_WORK TO BE COMPLETED_.
Tally every line in the following material that has the word "Longrightarrow" in it, and answer with that figure alone.

_RECORDS PROVIDED_.
lemma integrable_U_fun_powr_crit_exp:
  assumes "0 < C0" "2 * s < hdim TYPE('n::finite)"
  shows "integrable lborel (\<lambda>p :: 'n heis. U_fun TYPE('n) C0 s p powr crit_exp TYPE('n) s)"
proof (rule Bochner_Integration.integrable_bound)
  let ?Q = "hdim TYPE('n)" and ?c = "C0 powr crit_exp TYPE('n) s"
  show "integrable lborel (\<lambda>p :: 'n heis.
          ?c * (indicator (hball 1) p + indicator (- hball 1) p * heis_norm p powr - (2 * ?Q)))"
    using emeasure_hball_finite[of 1, where 'n = 'n] assms(2)
      integral_heis_norm_powr_outside_hball(2)[of 1 "2 * ?Q", where 'n = 'n]
    by (intro integrable_mult_right integrable_add) (auto simp: hdim_def)
  show "AE p in lborel. norm (U_fun TYPE('n) C0 s p powr crit_exp TYPE('n) s)
          \<le> norm (?c * (indicator (hball 1) p + indicator (- hball 1) p * heis_norm p powr - (2 * ?Q)))"
  proof (rule AE_I2)
    fix p :: "'n heis"
    show "norm (U_fun TYPE('n) C0 s p powr crit_exp TYPE('n) s)
          \<le> norm (?c * (indicator (hball 1) p + indicator (- hball 1) p * heis_norm p powr - (2 * ?Q)))"
      using U_fun_powr_crit_exp_le[OF assms, of p]
      by (cases "p \<in> hball 1") (auto simp: hball_def)
  qed
qed simp

lemma integral_U_fun_powr_outside_hball_le:
  assumes "0 < C0" "2 * s < hdim TYPE('n::finite)" "0 < R"
  shows "(\<integral>p. U_fun TYPE('n) C0 s p powr crit_exp TYPE('n) s * indicator (- hball R) p \<partial>lborel)
           \<le> C0 powr crit_exp TYPE('n) s
             * (\<integral>p. indicator (- hball 1) p * heis_norm (p :: 'n heis) powr - (2 * hdim TYPE('n)) \<partial>lborel)
             * R powr - hdim TYPE('n)"
proof -
  let ?Q = "hdim TYPE('n)" and ?q = "crit_exp TYPE('n) s"
  let ?g = "\<lambda>R p. indicator (- hball R) p * heis_norm (p :: 'n heis) powr - (2 * ?Q)"
  have Q: "?Q < 2 * ?Q"
    by (simp add: hdim_def)
  have "(\<integral>p. U_fun TYPE('n) C0 s p powr ?q * indicator (- hball R) p \<partial>lborel)
        \<le> (\<integral>p. C0 powr ?q * ?g R p \<partial>lborel)"
  proof (rule integral_mono)
    show "integrable lborel (\<lambda>p. U_fun TYPE('n) C0 s p powr ?q * indicator (- hball R) p)"
      using integrable_U_fun_powr_crit_exp[OF assms(1,2)]
      by (rule integrable_real_mult_indicator[rotated]) simp
    show "integrable lborel (\<lambda>p. C0 powr ?q * ?g R p)"
      using integral_heis_norm_powr_outside_hball(2)[OF assms(3) Q] by simp
    show "U_fun TYPE('n) C0 s p powr ?q * indicator (- hball R) p \<le> C0 powr ?q * ?g R p" for p
      using U_fun_powr_crit_exp_le(2)[OF assms(1,2), of p] assms(3)
      by (cases "p \<in> hball R") (auto simp: hball_def)
  qed
  also have "\<dots> = C0 powr ?q * (integral\<^sup>L lborel (?g 1) * R powr - ?Q)"
    using integral_heis_norm_powr_outside_hball(1)[OF assms(3), of "2 * ?Q", where 'n = 'n] by simp
  finally show ?thesis
    by (simp add: mult.assoc)
qed

definition U_mass :: "'n::finite itself \<Rightarrow> real \<Rightarrow> real \<Rightarrow> real" where
  "U_mass n C0 s = integral\<^sup>L lborel (\<lambda>p :: 'n heis. \<bar>U_fun n C0 s p\<bar> powr crit_exp n s)"

lemma U_mass_eq:
  assumes "0 < C0"
  shows "U_mass n C0 s = (\<integral>p. U_fun n C0 s p powr crit_exp n s \<partial>lborel)"
  unfolding U_mass_def
  by (intro Bochner_Integration.integral_cong refl) (metis U_fun_pos[OF assms] abs_of_pos)

lemma U_mass_pos:
  assumes "0 < C0" "2 * s < hdim TYPE('n::finite)"
  shows "0 < U_mass TYPE('n) C0 s"
  unfolding U_mass_eq[OF assms(1)]
proof (rule integral_pos_if_pos_on)
  show "0 < U_fun TYPE('n) C0 s p powr crit_exp TYPE('n) s" for p
    using U_fun_pos[OF assms(1), of "TYPE('n)" s p] by simp
qed (use integrable_U_fun_powr_crit_exp[OF assms] emeasure_hball_pos[of 1, where 'n = 'n] in auto)

section \<open>The rescaled bubbles\<close>

lemma U_eps_eq:
  "U_eps n C0 s S \<epsilon> p = \<epsilon> powr (- (hdim n - 2 * s) / 2) / U_mass n C0 s powr (1 / crit_exp n s)
     * U_fun n C0 s (dil (S powr (- 1 / (2 * s)) / \<epsilon>) p)"
  by (simp add: U_eps_def ustar_def ubar_def U_mass_def dil_dil)

lemma measurable_U_eps [measurable]: "U_eps n C0 s S \<epsilon> \<in> borel_measurable borel"
  unfolding U_eps_eq[abs_def] by measurable

lemma U_eps_powr_crit_exp:
  fixes \<epsilon> s S :: real
  assumes "0 < \<epsilon>" "0 < C0" "2 * s < hdim TYPE('n::finite)"
  defines "c \<equiv> S powr (- 1 / (2 * s)) / \<epsilon>"
  shows "\<bar>U_eps TYPE('n) C0 s S \<epsilon> p\<bar> powr crit_exp TYPE('n) s
           = \<epsilon> powr - hdim TYPE('n) / U_mass TYPE('n) C0 s
             * U_fun TYPE('n) C0 s (dil c p) powr crit_exp TYPE('n) s"
proof -
  let ?Q = "hdim TYPE('n)" and ?q = "crit_exp TYPE('n) s" and ?M = "U_mass TYPE('n) C0 s"
  have M: "0 < ?M" and q: "0 < ?q"
    using U_mass_pos[OF assms(2,3)] crit_exp_pos[OF assms(3)] by simp_all
  have "- (?Q - 2 * s) / 2 * ?q = - ((?Q - 2 * s) * ?q) / 2"
    by (simp add: algebra_simps)
  also have "\<dots> = - ?Q"
    unfolding crit_exp_mult[OF assms(3)] by simp
  finally have "(\<epsilon> powr (- (?Q - 2 * s) / 2)) powr ?q = \<epsilon> powr - ?Q"
    by (simp only: powr_powr)
  moreover have "(?M powr (1 / ?q)) powr ?q = ?M"
    using M q by (simp add: powr_powr)
  ultimately show ?thesis
    using M
    by (simp add: U_eps_eq c_def abs_mult powr_mult powr_divide abs_of_pos[OF U_fun_pos[OF assms(2)]])
qed

lemma U_eps_sq:
  fixes \<epsilon> s S :: real
  assumes "0 < \<epsilon>"
  defines "c \<equiv> S powr (- 1 / (2 * s)) / \<epsilon>"
  shows "(U_eps n C0 s S \<epsilon> p)\<^sup>2
           = \<epsilon> powr (2 * s - hdim n) / (U_mass n C0 s powr (1 / crit_exp n s))\<^sup>2
             * (U_fun n C0 s (dil c p))\<^sup>2"
proof -
  have "(\<epsilon> powr (- (hdim n - 2 * s) / 2))\<^sup>2 = \<epsilon> powr (2 * s - hdim n)"
    using assms(1) by (simp add: power2_eq_square flip: powr_add)
  then show ?thesis
    by (simp add: U_eps_eq c_def power_mult_distrib power_divide)
qed

lemma integral_U_eps_powr_crit_exp:
  fixes \<epsilon> s S :: real
  assumes "0 < \<epsilon>" "0 < s" "0 < C0" "0 < S" "2 * s < hdim TYPE('n::finite)"
  shows "integrable lborel (\<lambda>p :: 'n heis. \<bar>U_eps TYPE('n) C0 s S \<epsilon> p\<bar> powr crit_exp TYPE('n) s)"
    and "(\<integral>p. \<bar>U_eps TYPE('n) C0 s S \<epsilon> p\<bar> powr crit_exp TYPE('n) s \<partial>lborel)
           = S powr (hdim TYPE('n) / (2 * s))"
proof -
  let ?Q = "hdim TYPE('n)" and ?q = "crit_exp TYPE('n) s" and ?M = "U_mass TYPE('n) C0 s"
  define c where "c = S powr (- 1 / (2 * s)) / \<epsilon>"
  have c: "0 < c"
    using assms by (simp add: c_def)
  have eq: "(\<lambda>p. \<bar>U_eps TYPE('n) C0 s S \<epsilon> p\<bar> powr ?q)
            = (\<lambda>p. \<epsilon> powr - ?Q / ?M * U_fun TYPE('n) C0 s (dil c p) powr ?q)"
    using U_eps_powr_crit_exp[OF assms(1,3,5)] by (simp add: c_def)
  show "integrable lborel (\<lambda>p :: 'n heis. \<bar>U_eps TYPE('n) C0 s S \<epsilon> p\<bar> powr ?q)"
    unfolding eq using integrable_U_fun_powr_crit_exp[OF assms(3,5)] c
    by (simp add: integrable_dil_iff[where f = "\<lambda>p. U_fun TYPE('n) C0 s p powr ?q"])
  have "(\<integral>p. \<bar>U_eps TYPE('n) C0 s S \<epsilon> p\<bar> powr ?q \<partial>lborel) = \<epsilon> powr - ?Q / ?M * (c powr - ?Q * ?M)"
  proof -
    have "(\<integral>p. U_fun TYPE('n) C0 s (dil c p) powr ?q \<partial>lborel) = c powr - ?Q * ?M"
      unfolding U_mass_eq[OF assms(3)] using c by (intro integral_dil) auto
    then show ?thesis
      unfolding eq by simp
  qed
  also have "\<dots> = (\<epsilon> * c) powr - ?Q"
    using U_mass_pos[OF assms(3,5)] by (simp add: powr_mult)
  also have "\<dots> = S powr (?Q / (2 * s))"
    using assms by (simp add: c_def powr_powr)
  finally show "(\<integral>p. \<bar>U_eps TYPE('n) C0 s S \<epsilon> p\<bar> powr ?q \<partial>lborel) = S powr (?Q / (2 * s))" .
qed

lemma U_eps_powr_outside_hball_le:
  fixes s S r :: real
  assumes "0 < s" "0 < C0" "0 < S" "2 * s < hdim TYPE('n::finite)" "0 < r"
  obtains K where "\<And>\<epsilon>. 0 < \<epsilon> \<Longrightarrow>
    (\<integral>p. \<bar>U_eps TYPE('n) C0 s S \<epsilon> p\<bar> powr crit_exp TYPE('n) s * indicator (- hball r) (p :: 'n heis)
      \<partial>lborel) \<le> K * \<epsilon> powr hdim TYPE('n)"
proof
  let ?Q = "hdim TYPE('n)" and ?q = "crit_exp TYPE('n) s" and ?M = "U_mass TYPE('n) C0 s"
  let ?U = "U_fun TYPE('n) C0 s" and ?\<delta> = "S powr (- 1 / (2 * s))"
  let ?J = "\<integral>p. indicator (- hball 1) p * heis_norm (p :: 'n heis) powr - (2 * ?Q) \<partial>lborel"
  fix \<epsilon> :: real
  assume "0 < \<epsilon>"
  define c where "c = ?\<delta> / \<epsilon>"
  have c: "0 < c"
    using assms \<open>0 < \<epsilon>\<close> by (simp add: c_def)
  have M: "0 < ?M"
    using U_mass_pos[OF assms(2,4)] .
  have "(\<integral>p. \<bar>U_eps TYPE('n) C0 s S \<epsilon> p\<bar> powr ?q * indicator (- hball r) p \<partial>lborel)
        = \<epsilon> powr - ?Q / ?M * (\<integral>p. ?U (dil c p) powr ?q * indicator (- hball r) p \<partial>lborel)"
    using U_eps_powr_crit_exp[OF \<open>0 < \<epsilon>\<close> assms(2,4)] by (simp add: c_def mult.assoc)
  also have "\<dots> = \<epsilon> powr - ?Q / ?M
                   * (c powr - ?Q * (\<integral>p. ?U p powr ?q * indicator (- hball (c * r)) p \<partial>lborel))"
    by (subst integral_dil_mult_indicator_hball(2)) (measurable, rule c, rule refl)
  also have "\<dots> \<le> \<epsilon> powr - ?Q / ?M * (c powr - ?Q * (C0 powr ?q * ?J * (c * r) powr - ?Q))"
    using integral_U_fun_powr_outside_hball_le[OF assms(2,4), of "c * r"] c assms(5) M
    by (intro mult_left_mono) auto
  also have "\<dots> = ?\<delta> powr - ?Q * C0 powr ?q * ?J * (?\<delta> * r) powr - ?Q / ?M * \<epsilon> powr ?Q"
    using \<open>0 < \<epsilon>\<close> assms by (simp add: c_def powr_divide powr_mult powr_minus field_simps)
  finally show "(\<integral>p. \<bar>U_eps TYPE('n) C0 s S \<epsilon> p\<bar> powr ?q * indicator (- hball r) p \<partial>lborel)
      \<le> ?\<delta> powr - ?Q * C0 powr ?q * ?J * (?\<delta> * r) powr - ?Q / ?M * \<epsilon> powr ?Q" .
qed

lemma integral_u_eps_powr_crit_exp_bigo:
  fixes s S r :: real and \<phi> :: "'n::finite heis \<Rightarrow> real"
  assumes "0 < s" "2 * s < hdim TYPE('n)" "0 < C0" "0 < S" "0 < r"
    and [measurable]: "\<phi> \<in> borel_measurable borel"
    and "\<And>p. 0 \<le> \<phi> p \<and> \<phi> p \<le> 1" "\<And>p. p \<in> hball r \<Longrightarrow> \<phi> p = 1"
  shows "(\<lambda>\<epsilon>. integral\<^sup>L lborel (\<lambda>p. \<bar>u_eps TYPE('n) C0 s S \<phi> \<epsilon> p\<bar> powr crit_exp TYPE('n) s)
               - S powr (hdim TYPE('n) / (2 * s)))
           \<in> O[at_right 0](\<lambda>\<epsilon>. \<epsilon> powr hdim TYPE('n))"
proof -
  let ?q = "crit_exp TYPE('n) s"
  obtain K where K: "\<And>\<epsilon>. 0 < \<epsilon> \<Longrightarrow>
      (\<integral>p. \<bar>U_eps TYPE('n) C0 s S \<epsilon> p\<bar> powr ?q * indicator (- hball r) p \<partial>lborel)
        \<le> K * \<epsilon> powr hdim TYPE('n)"
    using U_eps_powr_outside_hball_le[OF assms(1,3,4,2,5)] by blast
  have "\<bar>integral\<^sup>L lborel (\<lambda>p. \<bar>u_eps TYPE('n) C0 s S \<phi> \<epsilon> p\<bar> powr ?q) - S powr (hdim TYPE('n) / (2 * s))\<bar>
        \<le> K * \<epsilon> powr hdim TYPE('n)" if "0 < \<epsilon>" for \<epsilon>
  proof -
    let ?F = "\<lambda>p. \<bar>U_eps TYPE('n) C0 s S \<epsilon> p\<bar> powr ?q"
    have q: "0 < ?q"
      using crit_exp_pos[OF assms(2)] .
    have "(\<lambda>p. \<bar>u_eps TYPE('n) C0 s S \<phi> \<epsilon> p\<bar> powr ?q) = (\<lambda>p. ?F p * \<phi> p powr ?q)"
      using assms(7) by (simp add: u_eps_def abs_mult powr_mult)
    moreover have "\<bar>(\<integral>p. ?F p * \<phi> p powr ?q \<partial>lborel) - integral\<^sup>L lborel ?F\<bar>
        \<le> (\<integral>p. ?F p * indicator (- hball r) p \<partial>lborel)"
    proof (rule integral_mult_cutoff_diff_le)
      show "integrable lborel ?F"
        by (rule integral_U_eps_powr_crit_exp(1)[OF that assms(1,3,4,2)])
      show "\<phi> p powr ?q \<le> 1" for p
        using assms(7)[of p] q by (simp add: powr_le1)
    qed (use assms(7,8) in auto)
    ultimately show ?thesis
      using integral_U_eps_powr_crit_exp(2)[OF that assms(1,3,4,2)] K[OF that] by simp
  qed
  then show ?thesis
    by (intro bigoI[where c = K] eventually_at_rightI[where b = 1]) auto
qed

lemma U_eps_sq_le:
  assumes "0 < \<epsilon>" "0 < C0" "2 * s \<le> hdim n"
  shows "(U_eps n C0 s S \<epsilon> p)\<^sup>2 \<le> \<epsilon> powr (2 * s - hdim n) / (U_mass n C0 s powr (1 / crit_exp n s))\<^sup>2 * C0\<^sup>2"
proof -
  let ?U = "U_fun n C0 s (dil (S powr (- 1 / (2 * s)) / \<epsilon>) p)"
  have "?U\<^sup>2 \<le> C0\<^sup>2"
    by (rule U_fun_sq_le[OF assms(2,3)])
  then show ?thesis
    unfolding U_eps_sq[OF assms(1)] by (intro mult_left_mono) auto
qed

_COMPLETED TASK_.
3